以下 TextBlock 的绑定会消耗更多性能:
<Window
x:Name="Me"
x:Class="MainWindow"
xmlns="http://schemas.microsoft.com/winfx/2006/xaml/presentation"
xmlns:x="http://schemas.microsoft.com/winfx/2006/xaml"
xmlns:src="clr-namespace:WpfApplication1"
Title="MainWindow">
<StackPanel>
<TextBlock Text="{Binding Title, ElementName=Me}"/>
<TextBlock Text="{Binding Title, RelativeSource={RelativeSource AncestorType={x:Type src:MainWindow}}}"/>
</StackPanel>
</Window>
我确信当 TextBlock 处于具有许多兄弟姐妹和祖先的高嵌套级别时,我的问题可能会有所不同。
注意事项
(仅基于个人想法,我可能在每个特定的想法上都是错误的!):
ElementName
:- 可能会通过其所有子元素、兄弟姐妹、叔叔和叔祖父(包括祖先)搜索和比较当前元素以进行更多控制(也许有一个包含所有注册名称的哈希表?)
- 获取控件的
Name
属性应该比调用GetType
消耗更少的性能。 - 比较字符串比比较类型更便宜,尤其是当您知道大多数控件甚至没有设置其
Name
时。
查找祖先
:- 只会遍历祖先,而不是兄弟姐妹“叔叔”、“表兄弟”等。
- 很可能使用
GetType
来确定祖先类型; GetType 比简单的Name
属性 getter 花费更多的性能(也许 DP 不同?)
What of the following TextBlocks' Bindings costs more performance:
<Window
x:Name="Me"
x:Class="MainWindow"
xmlns="http://schemas.microsoft.com/winfx/2006/xaml/presentation"
xmlns:x="http://schemas.microsoft.com/winfx/2006/xaml"

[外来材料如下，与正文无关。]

lemma card_prod_tuples_Suc:
  assumes C: "finite C"
  shows "card (prod_tuples n C (Suc k) g) =
    (\<Sum>y\<in>{y. card (prod_tuples n C k y) \<noteq> 0}.
       card (prod_tuples n C k y) * card {c \<in> C. zzn_mult n c y = g})"
proof -
  define Z where "Z = {y. card (prod_tuples n C k y) \<noteq> 0}"
  define S where "S = (SIGMA y:Z. {c \<in> C. zzn_mult n c y = g} \<times> prod_tuples n C k y)"
  define cons where "cons = (\<lambda>(y :: int \<times> int, c :: int \<times> int, ys). c # ys)"
  have "prod_tuples n C (Suc k) g = cons ` S"
  proof
    show "prod_tuples n C (Suc k) g \<subseteq> cons ` S"
    proof
      fix xs assume xs: "xs \<in> prod_tuples n C (Suc k) g"
      then obtain c ys where "xs = c # ys" by (cases xs) (auto simp: prod_tuples_def)
      moreover have "(zzn_prod n ys, c, ys) \<in> S"
        using xs \<open>xs = c # ys\<close> finite_prod_tuples[OF C]
        by (auto simp: S_def Z_def prod_tuples_def card_eq_0_iff)
      ultimately show "xs \<in> cons ` S" unfolding cons_def by force
    qed
    show "cons ` S \<subseteq> prod_tuples n C (Suc k) g"
      by (auto simp: cons_def S_def prod_tuples_def)
  qed
  moreover have "inj_on cons S"
    by (auto simp: inj_on_def cons_def S_def prod_tuples_def)
  ultimately have "card (prod_tuples n C (Suc k) g) = card S" by (simp add: card_image)
  also have "\<dots> = (\<Sum>y\<in>Z. card {c \<in> C. zzn_mult n c y = g} * card (prod_tuples n C k y))"
    unfolding S_def using finite_prod_tuples_support[OF C] finite_prod_tuples[OF C] C
    by (simp add: Z_def card_SigmaI card_cartesian_product)
  finally show ?thesis by (simp add: Z_def mult.commute)
qed

lemma prod_tuples_rotate1_fixed:
  assumes "0 < p"
  shows "{xs \<in> prod_tuples n C p g. rotate1 xs = xs} =
    (\<lambda>c. replicate p c) ` {c \<in> C. zzn_pow n (int p) c = g}"
proof
  show "{xs \<in> prod_tuples n C p g. rotate1 xs = xs} \<subseteq> (\<lambda>c. replicate p c) ` {c \<in> C. zzn_pow n (int p) c = g}"
  proof
    fix xs assume xs: "xs \<in> {xs \<in> prod_tuples n C p g. rotate1 xs = xs}"
    then have rep: "xs = replicate p (hd xs)"
      using rotate1_fixpoint_replicate by (fastforce simp: prod_tuples_def)
    have "hd xs \<in> C" using xs assms by (auto simp: prod_tuples_def hd_in_set)
    moreover have "zzn_pow n (int p) (hd xs) = g"
      using xs zzn_prod_replicate[of n p "hd xs"] rep by (simp add: prod_tuples_def)
    ultimately show "xs \<in> (\<lambda>c. replicate p c) ` {c \<in> C. zzn_pow n (int p) c = g}"
      using rep by blast
  qed
  show "(\<lambda>c. replicate p c) ` {c \<in> C. zzn_pow n (int p) c = g} \<subseteq> {xs \<in> prod_tuples n C p g. rotate1 xs = xs}"
    using assms by (auto simp: prod_tuples_def zzn_prod_replicate)
qed

lemma card_prod_tuples_prime_mod:
  assumes p: "prime p" and C: "finite C"
  shows "card (prod_tuples n C p g) mod p = card {c \<in> C. zzn_pow n (int p) c = g} mod p"
proof -
  define A where "A = prod_tuples n C p g"
  have "finite A" unfolding A_def using C by (rule finite_prod_tuples)
  have "rotate1 xs \<in> A" if "xs \<in> A" for xs
    using that by (simp add: A_def prod_tuples_def zzn_prod_rotate1)
  then obtain q where "card {xs \<in> A. rotate1 xs \<noteq> xs} = p * q"
    using prime_dvd_card_rotate1_nonfixed[OF p \<open>finite A\<close>] by (auto simp: A_def prod_tuples_def elim!: dvdE)
  moreover have "card {xs \<in> A. rotate1 xs = xs} = card {c \<in> C. zzn_pow n (int p) c = g}"
    using prod_tuples_rotate1_fixed[OF prime_gt_0_nat[OF p]] prime_gt_0_nat[OF p]
    by (simp add: A_def card_image inj_on_def)
  moreover have "card A = card ({xs \<in> A. rotate1 xs \<noteq> xs} \<union> {xs \<in> A. rotate1 xs = xs})"
    by (rule arg_cong[where f = card]) blast
  then have "card A = card {xs \<in> A. rotate1 xs \<noteq> xs} + card {xs \<in> A. rotate1 xs = xs}"
    using \<open>finite A\<close> by (simp add: card_Un_disjoint disjoint_iff)
  ultimately show ?thesis unfolding A_def by simp
qed

section \<open>Schur rings over Z \<times> Z_n\<close>

lemma schur_partition_card_factorizations_eq:
  assumes sp: "schur_partition TYPE('f::field_char_0) n \<D>"
    and C1: "C1 \<in> \<D>" and C2: "C2 \<in> \<D>" and K: "K \<in> \<D>" and x: "x \<in> K" and y: "y \<in> K"
  shows "card (factorizations n C1 C2 x) = card (factorizations n C1 C2 y)"
proof -
  obtain E c where E: "E \<subseteq> \<D>" "finite E"
    and span: "\<forall>g \<in> zzn_carrier n. (class_prod n C1 C2 g :: 'f) = (\<Sum>e\<in>E. c e * (if g \<in> e then 1 else 0))"
    using sp C1 C2 unfolding schur_partition_def in_span_classes_def by blast
  have coeff: "(class_prod n C1 C2 g :: 'f) = (if K \<in> E then c K else 0)" if g: "g \<in> K" for g
  proof -
    have "g \<in> zzn_carrier n" using sp K g unfolding schur_partition_def by blast
    moreover have "g \<in> e \<longleftrightarrow> e = K" if "e \<in> E" for e
      using sp that E K g unfolding schur_partition_def by blast
    ultimately show ?thesis
      using span E(2) by (simp add: if_distrib[of "(*) _"] sum.delta cong: if_cong)
  qed
  have "(of_nat (card (factorizations n C1 C2 x)) :: 'f) = of_nat (card (factorizations n C1 C2 y))"
    using coeff[OF x] coeff[OF y] by (simp add: class_prod_def factorizations_def)
  then show ?thesis by (rule of_nat_eq_iff[THEN iffD1])
qed

locale zzn_schur =
  fixes n :: int and \<D> :: "(int \<times> int) set set"
  assumes n_pos: "0 < n"
    and class_nonempty: "C \<in> \<D> \<Longrightarrow> C \<noteq> {}"
    and class_finite: "C \<in> \<D> \<Longrightarrow> finite C"
    and classes_disjoint: "C \<in> \<D> \<Longrightarrow> C' \<in> \<D> \<Longrightarrow> C \<noteq> C' \<Longrightarrow> C \<inter> C' = {}"
    and classes_cover: "\<Union>\<D> = zzn_carrier n"
    and one_class: "{zzn_one} \<in> \<D>"
    and set_inv_class: "C \<in> \<D> \<Longrightarrow> set_inv n C \<in> \<D>"
    and card_factorizations_eq:
      "C1 \<in> \<D> \<Longrightarrow> C2 \<in> \<D> \<Longrightarrow> K \<in> \<D> \<Longrightarrow> x \<in> K \<Longrightarrow> y \<in> K \<Longrightarrow>
       card (factorizations n C1 C2 x) = card (factorizations n C1 C2 y)"

lemma schur_partition_imp_zzn_schur:
  assumes "0 < n" and sp: "schur_partition TYPE('f::field_char_0) n \<D>"
  shows "zzn_schur n \<D>"
proof
  show "\<And>C1 C2 K x y. C1 \<in> \<D> \<Longrightarrow> C2 \<in> \<D> \<Longrightarrow> K \<in> \<D> \<Longrightarrow> x \<in> K \<Longrightarrow> y \<in> K \<Longrightarrow>
      card (factorizations n C1 C2 x) = card (factorizations n C1 C2 y)"
    by (rule schur_partition_card_factorizations_eq[OF sp])
qed (use assms in \<open>auto simp: schur_partition_def\<close>)

context zzn_schur
begin

abbreviation G where "G \<equiv> zzn_carrier n"

abbreviation mult (infixl "\<cdot>" 70) where "x \<cdot> y \<equiv> zzn_mult n x y"

abbreviation pow where "pow k x \<equiv> zzn_pow n k x"

lemma class_subset_carrier: "C \<in> \<D> \<Longrightarrow> C \<subseteq> G"
  using classes_cover by blast

definition class_of :: "int \<times> int \<Rightarrow> (int \<times> int) set" where
  "class_of x = (THE C. C \<in> \<D> \<and> x \<in> C)"

lemma class_of_eq:
  assumes "C \<in> \<D>" and "x \<in> C" shows "class_of x = C"
  unfolding class_of_def
proof (rule the_equality)
  show "C' = C" if "C' \<in> \<D> \<and> x \<in> C'" for C'
    using that assms classes_disjoint[of C' C] by blast
qed (use assms in simp)

lemma class_of_class: "x \<in> G \<Longrightarrow> class_of x \<in> \<D>"
  and mem_class_of: "x \<in> G \<Longrightarrow> x \<in> class_of x"
  using classes_cover class_of_eq by blast+

lemma class_of_one: "class_of zzn_one = {zzn_one}"
  using class_of_eq one_class by blast

lemma class_of_zzn_inv: "x \<in> G \<Longrightarrow> class_of (zzn_inv n x) = set_inv n (class_of x)"
  using class_of_eq set_inv_class class_of_class mem_class_of by (simp add: set_inv_def)

lemma S_subset_iff: "S_subset \<D> X \<longleftrightarrow> X \<subseteq> G \<and> (\<forall>x\<in>X. class_of x \<subseteq> X)"
proof
  assume "S_subset \<D> X"
  then obtain T where "T \<subseteq> \<D>" "X = \<Union>T" unfolding S_subset_def by blast
  then show "X \<subseteq> G \<and> (\<forall>x\<in>X. class_of x \<subseteq> X)"
    using class_subset_carrier class_of_eq by blast
next
  assume "X \<subseteq> G \<and> (\<forall>x\<in>X. class_of x \<subseteq> X)"
  then have "X = \<Union>{class_of x | x. x \<in> X}" using mem_class_of by blast
  moreover have "{class_of x | x. x \<in> X} \<subseteq> \<D>" using \<open>X \<subseteq> G \<and> _\<close> class_of_class by blast
  ultimately show "S_subset \<D> X" unfolding S_subset_def by blast
qed

lemma S_subsetD: "S_subset \<D> X \<Longrightarrow> x \<in> X \<Longrightarrow> y \<in> class_of x \<Longrightarrow> y \<in> X"
  by (auto simp: S_subset_iff)

lemma S_subset_carrier: "S_subset \<D> X \<Longrightarrow> X \<subseteq> G"
  by (simp add: S_subset_iff)

lemma S_subset_class: "C \<in> \<D> \<Longrightarrow> S_subset \<D> C"
  unfolding S_subset_def by (intro exI[of _ "{C}"]) simp

lemma S_subset_Union: "(\<And>X. X \<in> \<X> \<Longrightarrow> S_subset \<D> X) \<Longrightarrow> S_subset \<D> (\<Union>\<X>)"
  by (fastforce simp: S_subset_iff)

lemma S_subset_eq_Union_classes:
  assumes "S_subset \<D> X" shows "X = \<Union>{C \<in> \<D>. C \<subseteq> X}"
proof
  show "X \<subseteq> \<Union>{C \<in> \<D>. C \<subseteq> X}"
  proof
    fix x assume x: "x \<in> X"
    then have "x \<in> G" and "class_of x \<subseteq> X" using assms by (auto simp: S_subset_iff)
    then show "x \<in> \<Union>{C \<in> \<D>. C \<subseteq> X}" using class_of_class mem_class_of by blast
  qed
qed blast

lemma S_subset_subset_class_eq:
  assumes "S_subset \<D> X" and "X \<noteq> {}" and "C \<in> \<D>" and "X \<subseteq> C"
  shows "X = C"
proof -
  obtain x where "x \<in> X" using assms(2) by blast
  then have "class_of x = C" using assms(3,4) class_of_eq by blast
  then show ?thesis using assms(1,4) \<open>x \<in> X\<close> by (auto simp: S_subset_iff)
qed

definition set_mult :: "(int \<times> int) set \<Rightarrow> (int \<times> int) set \<Rightarrow> (int \<times> int) set" where
  "set_mult A B = {a \<cdot> b | a b. a \<in> A \<and> b \<in> B}"

lemma S_subset_set_mult:
  assumes C1: "C1 \<in> \<D>" and C2: "C2 \<in> \<D>"
  shows "S_subset \<D> (set_mult C1 C2)"
  unfolding S_subset_iff
proof (intro conjI ballI subsetI)
  show "x \<in> G" if "x \<in> set_mult C1 C2" for x
    using that n_pos zzn_mult_closed by (auto simp: set_mult_def)
  fix x y assume x: "x \<in> set_mult C1 C2" and y: "y \<in> class_of x"
  have "x \<in> G" using x n_pos zzn_mult_closed by (auto simp: set_mult_def)
  have fin: "finite (factorizations n C1 C2 g)" for g
    using C1 C2 class_finite finite_factorizations by blast
  have "factorizations n C1 C2 x \<noteq> {}"
    using x by (auto simp: set_mult_def factorizations_def)
  moreover have "card (factorizations n C1 C2 x) = card (factorizations n C1 C2 y)"
    using card_factorizations_eq[OF C1 C2 class_of_class] \<open>x \<in> G\<close> mem_class_of y by blast
  ultimately have "factorizations n C1 C2 y \<noteq> {}" using fin by (metis card_0_eq)
  then show "y \<in> set_mult C1 C2" by (auto simp: set_mult_def factorizations_def)
qed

xmlns:src="clr-namespace:WpfApplication1"
Title="MainWindow">
<StackPanel>
<TextBlock Text="{Binding Title, ElementName=Me}"/>
<TextBlock Text="{Binding Title, RelativeSource={RelativeSource AncestorType={x:Type src:MainWindow}}}"/>
</StackPanel>
</Window>
I am sure my question might take different when the TextBlocks are in a high nesting level having many siblings and ancestors.
Considerations
(based on personal thoughts only, I might be wrong in each particular one!):
ElementName
:- Might search and compare current element to more control, thru all its children, siblings, uncles and great uncles including ancestors (maybe there is a HashTable of all the registered names?)
- Getting a
Name
property of a control should cost less performance than callingGetType
. - Comparing a string is cheaper than comparing types, especially when you know that most of the controls don't even have their
Name
set.
FindAncestor
:- Will only iterate thru ancestors, not siblingls 'uncles', 'cousins' etc.
- Most likely uses
GetType
to determine ancestor type; GetType costs more performance then a simpleName
property getter (maybe DPs are different?)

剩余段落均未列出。